Софья Андреевна в ответ на упреки мужа заявляла, что он сошел с ума, осмелившись заподозрить ее в романе с мужчиной, годившемся ей чуть ли не в сыновья (Танеев был двенадцатью годами моложе), что она любит одну лишь музыку и ничего более.
Вопреки желанию мужа ее отношения с Танеевым продолжались. Вернувшись с холодами в Москву, Софья Андреевна начала брать у него уроки музыки. Иногда она по-свойски заезжала к нему в гости.

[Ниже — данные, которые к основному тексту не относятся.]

text \<open>Positions are 0-indexed; pi is a permutation of {0..<n}.
  x is antilexicographically below y w.r.t. pi.\<close>
definition antilex_less :: "('a \<times> 'a) set \<Rightarrow> (nat \<Rightarrow> nat) \<Rightarrow> nat \<Rightarrow> 'a list \<Rightarrow> 'a list \<Rightarrow> bool" where
  "antilex_less lt pi n xs ys \<longleftrightarrow>
     (\<exists>s<n. (\<forall>t. s < t \<and> t < n \<longrightarrow> xs ! (pi t) = ys ! (pi t)) \<and>
            (xs ! (pi s), ys ! (pi s)) \<in> lt)"

definition antilex_le :: "('a \<times> 'a) set \<Rightarrow> (nat \<Rightarrow> nat) \<Rightarrow> nat \<Rightarrow> 'a list \<Rightarrow> 'a list \<Rightarrow> bool" where
  "antilex_le lt pi n xs ys \<longleftrightarrow> xs = ys \<or> antilex_less lt pi n xs ys"

definition OVfin :: "('f \<Rightarrow> nat) \<Rightarrow> ('a,'f) alg \<Rightarrow> ('a \<times> 'a) set \<Rightarrow>
    ('b,'f) alg \<times> ('b \<Rightarrow> 'b \<Rightarrow> bool) \<Rightarrow> bool" where
  "OVfin ar A lt XO \<longleftrightarrow> (case XO of (X, le) \<Rightarrow> alg ar X \<and>
     (\<exists>n pi h. bij_betw pi {..<n} {..<n} \<and> bij_betw h (fst X) (pow_carrier A n) \<and>
        (\<forall>g xs. length xs = ar g \<and> set xs \<subseteq> fst X \<longrightarrow>
            h (snd X g xs) = pow_ops A n g (map h xs)) \<and>
        (\<forall>x\<in>fst X. \<forall>y\<in>fst X. le x y \<longleftrightarrow> antilex_le lt pi n (h x) (h y))))"

definition linear_on :: "'b set \<Rightarrow> ('b \<Rightarrow> 'b \<Rightarrow> bool) \<Rightarrow> bool" where
  "linear_on S le \<longleftrightarrow> (\<forall>x\<in>S. le x x) \<and>
     (\<forall>x\<in>S. \<forall>y\<in>S. le x y \<and> le y x \<longrightarrow> x = y) \<and>
     (\<forall>x\<in>S. \<forall>y\<in>S. \<forall>z\<in>S. le x y \<and> le y z \<longrightarrow> le x z) \<and>
     (\<forall>x\<in>S. \<forall>y\<in>S. le x y \<or> le y x)"

definition ord_emb :: "('f \<Rightarrow> nat) \<Rightarrow> ('a \<Rightarrow> 'b) \<Rightarrow> ('a,'f) alg \<times> ('a \<Rightarrow> 'a \<Rightarrow> bool) \<Rightarrow>
    ('b,'f) alg \<times> ('b \<Rightarrow> 'b \<Rightarrow> bool) \<Rightarrow> bool" where
  "ord_emb ar h XO YO \<longleftrightarrow> alg_emb ar h (fst XO) (fst YO) \<and>
     (\<forall>x\<in>fst (fst XO). \<forall>y\<in>fst (fst XO). snd XO x y \<longleftrightarrow> snd YO (h x) (h y))"

text \<open>C* (objects Cs) is an order expansion of C (objects C), on structures with
  carrier type 'b: every C*-object is a finite linearly ordered structure whose
  reduct is a C-object, and the forgetful functor is surjective on objects.\<close>
definition order_expansion :: "(('b,'f) alg \<Rightarrow> bool) \<Rightarrow>
    (('b,'f) alg \<times> ('b \<Rightarrow> 'b \<Rightarrow> bool) \<Rightarrow> bool) \<Rightarrow> bool" where
  "order_expansion C Cs \<longleftrightarrow>
     (\<forall>X le. Cs (X, le) \<longrightarrow> finite (fst X) \<and> linear_on (fst X) le \<and> C X) \<and>
     (\<forall>X. C X \<longrightarrow> (\<exists>le. Cs (X, le)))"

text \<open>Reasonableness, with source objects of carrier type 'b and target objects of
  carrier type 'c (C1/Cs1 and C2/Cs2 are the same categories at these two types).\<close>
definition reasonable :: "('f \<Rightarrow> nat) \<Rightarrow> (('b,'f) alg \<Rightarrow> bool) \<Rightarrow> (('c,'f) alg \<Rightarrow> bool) \<Rightarrow>
    (('b,'f) alg \<times> ('b \<Rightarrow> 'b \<Rightarrow> bool) \<Rightarrow> bool) \<Rightarrow>
    (('c,'f) alg \<times> ('c \<Rightarrow> 'c \<Rightarrow> bool) \<Rightarrow> bool) \<Rightarrow> bool" where
  "reasonable ar C1 C2 Cs1 Cs2 \<longleftrightarrow>
     (\<forall>X Y h le. C1 X \<and> C2 Y \<and> alg_emb ar h X Y \<and> Cs1 (X, le) \<longrightarrow>
        (\<exists>le'. Cs2 (Y, le') \<and> ord_emb ar h (X, le) (Y, le')))"

end

theory Submission
  imports Defs
begin

text \<open>
  Let A be primal and X a finite algebra in its variety, enumerated by N elements. The N-ary
  operations on A form the free algebra on N generators, and evaluating them at the enumeration
  maps this free algebra onto X. Using a 4-ary switching operation one shows that its kernel is
  determined by the values at a set S of points, so X is isomorphic to A^S (Foster's theorem).
  Since A is primal, every homomorphism from A^m to A is a projection; hence every embedding of
  A^m into A^n duplicates and rearranges coordinates. Listing the duplicated positions first and
  then one preimage of each coordinate in the order given by a permutation pi of m yields a
  permutation of n for which the embedding preserves and reflects the antilexicographic orders. This gives
  reasonableness; the order expansion part follows because antilexicographic orders are linear
  and powers of A lie in the variety.
\<close>

section \<open>Homomorphisms and term evaluation\<close>

definition hom_on ::
    "('f \<Rightarrow> nat) \<Rightarrow> ('a \<Rightarrow> 'b) \<Rightarrow> ('a,'f) alg \<Rightarrow> ('f \<Rightarrow> 'b list \<Rightarrow> 'b) \<Rightarrow> bool" where
  "hom_on ar h X ops \<longleftrightarrow>
     (\<forall>g xs. length xs = ar g \<and> set xs \<subseteq> fst X \<longrightarrow> h (snd X g xs) = ops g (map h xs))"

lemma hom_onD:
  "hom_on ar h X ops \<Longrightarrow> length xs = ar g \<Longrightarrow> set xs \<subseteq> fst X \<Longrightarrow>
    h (snd X g xs) = ops g (map h xs)"
  unfolding hom_on_def by blast

lemma alg_emb_iff: "alg_emb ar h X Y \<longleftrightarrow> inj_on h (fst X) \<and> h ` fst X \<subseteq> fst Y \<and> hom_on ar h X (snd Y)"
  unfolding alg_emb_def hom_on_def ..

abbreviation pow_alg :: "('a,'f) alg \<Rightarrow> nat \<Rightarrow> ('a list,'f) alg" where
  "pow_alg A n \<equiv> (pow_carrier A n, pow_ops A n)"

definition pow_iso ::
    "('f \<Rightarrow> nat) \<Rightarrow> ('a,'f) alg \<Rightarrow> nat \<Rightarrow> ('b,'f) alg \<Rightarrow> ('b \<Rightarrow> 'a list) \<Rightarrow> bool" where
  "pow_iso ar A n X h \<longleftrightarrow> bij_betw h (fst X) (pow_carrier A n) \<and> hom_on ar h X (pow_ops A n)"

lemma eval_cong:
  "(\<And>i. i \<in> vars t \<Longrightarrow> env i = env' i) \<Longrightarrow> eval ops env t = eval ops env' t"
proof (induction t)
  case (App g ts) then show ?case by (auto intro!: map_cong arg_cong[where f="ops g"])
qed simp

lemma eval_closed:
  assumes "alg ar X" "wf_trm ar t" "\<And>i. i \<in> vars t \<Longrightarrow> env i \<in> fst X"
  shows "eval (snd X) env t \<in> fst X"
  using assms(2,3)
proof (induction t)
  case (App g ts)
  then have "set (map (eval (snd X) env) ts) \<subseteq> fst X" by auto
  then show ?case using assms(1) App.prems unfolding alg_def by auto
qed simp

lemma eval_hom:
  assumes "alg ar X" "hom_on ar h X ops" "wf_trm ar t" "\<And>j. j \<in> vars t \<Longrightarrow> env j \<in> fst X"
  shows "h (eval (snd X) env t) = eval ops (\<lambda>j. h (env j)) t"
  using assms(3,4)
proof (induction t)
  case (App g ts)
  have "set (map (eval (snd X) env) ts) \<subseteq> fst X"
    using App.prems by (auto intro!: eval_closed[OF assms(1)])
  then have "h (eval (snd X) env (App g ts)) = ops g (map h (map (eval (snd X) env) ts))"
    using hom_onD[OF assms(2)] App.prems by simp
  also have "map h (map (eval (snd X) env) ts) = map (eval ops (\<lambda>j. h (env j))) ts"
    using App by auto
  finally show ?case by simp
qed simp

lemma hom_on_comp:
  assumes "hom_on ar h X (snd Y)" "h ` fst X \<subseteq> fst Y" "hom_on ar k Y ops"
  shows "hom_on ar (k \<circ> h) X ops"
  unfolding hom_on_def
proof (intro allI impI, elim conjE)
  fix g xs assume xs: "length xs = ar g" "set xs \<subseteq> fst X"
  then have "set (map h xs) \<subseteq> fst Y" using assms(2) by auto
  then show "(k \<circ> h) (snd X g xs) = ops g (map (k \<circ> h) xs)"
    using xs hom_onD[OF assms(1)] hom_onD[OF assms(3)] by simp
qed

lemma hom_on_inv_into:
  assumes "alg ar X" "bij_betw h (fst X) (fst Y)" "hom_on ar h X (snd Y)"
  shows "hom_on ar (inv_into (fst X) h) Y (snd X)"
  unfolding hom_on_def
proof (intro allI impI, elim conjE)
  fix g ys assume ys: "length ys = ar g" "set ys \<subseteq> fst Y"
  define xs where "xs = map (inv_into (fst X) h) ys"
  have xs: "set xs \<subseteq> fst X" "map h xs = ys"
    using ys(2) assms(2) unfolding xs_def bij_betw_def
    by (auto simp: inv_into_into f_inv_into_f intro!: map_idI)
  have "snd X g xs \<in> fst X" using assms(1) xs(1) ys(1) unfolding alg_def xs_def by simp
  moreover have "h (snd X g xs) = snd Y g ys" using hom_onD[OF assms(3)] xs ys(1) unfolding xs_def by simp
  ultimately show "inv_into (fst X) h (snd Y g ys) = snd X g (map (inv_into (fst X) h) ys)"
    using assms(2) unfolding bij_betw_def xs_def by (metis inv_into_f_f)
qed

section \<open>Powers of an algebra\<close>

lemma pow_carrier_finite: "finite (fst A) \<Longrightarrow> finite (pow_carrier A n)"
  unfolding pow_carrier_def using finite_lists_length_eq[of "fst A" n] by (simp add: conj_commute)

Толстой страдал. «Вчера сижу за столом и чувствую, что я и гувернантка — мы оба одинаково лишние, и нам обоим одинаково тяжело, — записал он в дневнике 12 января 1897 года. - Разговоры об игре Дузе, Гофмана, шутки, наряды, сладкая еда идут мимо нас, через нас. И так каждый день и целый день... Бывает в жизни у других хоть что-нибудь серьезное, человеческое — ну, наука, служба, учительство, докторство, малые дети, не говорю уж заработок или служение людям, а тут ничего, кроме игры всякого рода и жранья, и старческий flirtation9 или еще хуже. Отвратительно. Пишу с тем, чтобы знали хоть после моей смерти. Теперь же нельзя говорить. Хуже глухих — кричащие. Она больна, это правда, но болезнь-то такая, которую принимают за здоровье и поддерживают в ней, а не лечат. Что из этого выйдет, чем кончится?»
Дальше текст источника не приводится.